**Problem statement**
Pick out the lines below that contain the string "also" and copy them all.

--- Recorded data ---

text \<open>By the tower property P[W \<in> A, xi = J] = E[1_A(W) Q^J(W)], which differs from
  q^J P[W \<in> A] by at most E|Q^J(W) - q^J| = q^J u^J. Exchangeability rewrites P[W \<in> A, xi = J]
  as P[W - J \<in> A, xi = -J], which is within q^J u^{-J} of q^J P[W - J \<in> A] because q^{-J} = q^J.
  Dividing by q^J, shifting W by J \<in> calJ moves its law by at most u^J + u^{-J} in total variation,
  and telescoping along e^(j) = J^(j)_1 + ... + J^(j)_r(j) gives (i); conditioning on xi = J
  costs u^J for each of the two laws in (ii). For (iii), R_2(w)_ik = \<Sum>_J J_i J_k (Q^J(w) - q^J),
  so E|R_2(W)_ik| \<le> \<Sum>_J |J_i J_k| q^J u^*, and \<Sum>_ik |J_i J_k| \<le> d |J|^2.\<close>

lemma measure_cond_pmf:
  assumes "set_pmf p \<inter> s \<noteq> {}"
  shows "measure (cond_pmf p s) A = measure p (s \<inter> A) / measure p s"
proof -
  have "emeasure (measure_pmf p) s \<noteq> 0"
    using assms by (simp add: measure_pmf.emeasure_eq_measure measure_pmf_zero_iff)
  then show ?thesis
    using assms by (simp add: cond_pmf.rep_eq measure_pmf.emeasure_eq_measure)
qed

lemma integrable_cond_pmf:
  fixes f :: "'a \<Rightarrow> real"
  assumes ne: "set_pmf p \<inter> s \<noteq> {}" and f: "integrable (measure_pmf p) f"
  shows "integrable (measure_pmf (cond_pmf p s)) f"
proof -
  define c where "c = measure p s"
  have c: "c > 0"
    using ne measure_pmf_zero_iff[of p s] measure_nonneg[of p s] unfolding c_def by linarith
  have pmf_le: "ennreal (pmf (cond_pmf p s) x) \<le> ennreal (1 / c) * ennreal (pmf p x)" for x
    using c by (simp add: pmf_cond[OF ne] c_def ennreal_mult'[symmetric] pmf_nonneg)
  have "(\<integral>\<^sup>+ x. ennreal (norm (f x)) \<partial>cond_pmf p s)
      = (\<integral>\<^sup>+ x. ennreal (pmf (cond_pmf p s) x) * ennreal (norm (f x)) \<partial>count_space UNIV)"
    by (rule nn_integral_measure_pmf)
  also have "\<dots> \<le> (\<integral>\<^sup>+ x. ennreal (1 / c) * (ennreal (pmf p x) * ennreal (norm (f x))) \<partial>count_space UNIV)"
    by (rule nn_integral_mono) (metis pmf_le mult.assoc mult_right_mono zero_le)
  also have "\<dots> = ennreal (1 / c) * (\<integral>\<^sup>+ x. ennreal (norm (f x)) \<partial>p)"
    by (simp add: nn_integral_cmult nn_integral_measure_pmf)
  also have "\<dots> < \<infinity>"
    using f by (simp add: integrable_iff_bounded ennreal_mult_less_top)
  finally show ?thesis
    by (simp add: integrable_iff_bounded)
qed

---

**Answer below**
  also have "\<dots> \<le> (\<integral>\<^sup>+ x. ennreal (1 / c) * (ennreal (pmf p x) * ennreal (norm (f x))) \<partial>count_space UNIV)"
  also have "\<dots> = ennreal (1 / c) * (\<integral>\<^sup>+ x. ennreal (norm (f x)) \<partial>p)"
  also have "\<dots> < \<infinity>"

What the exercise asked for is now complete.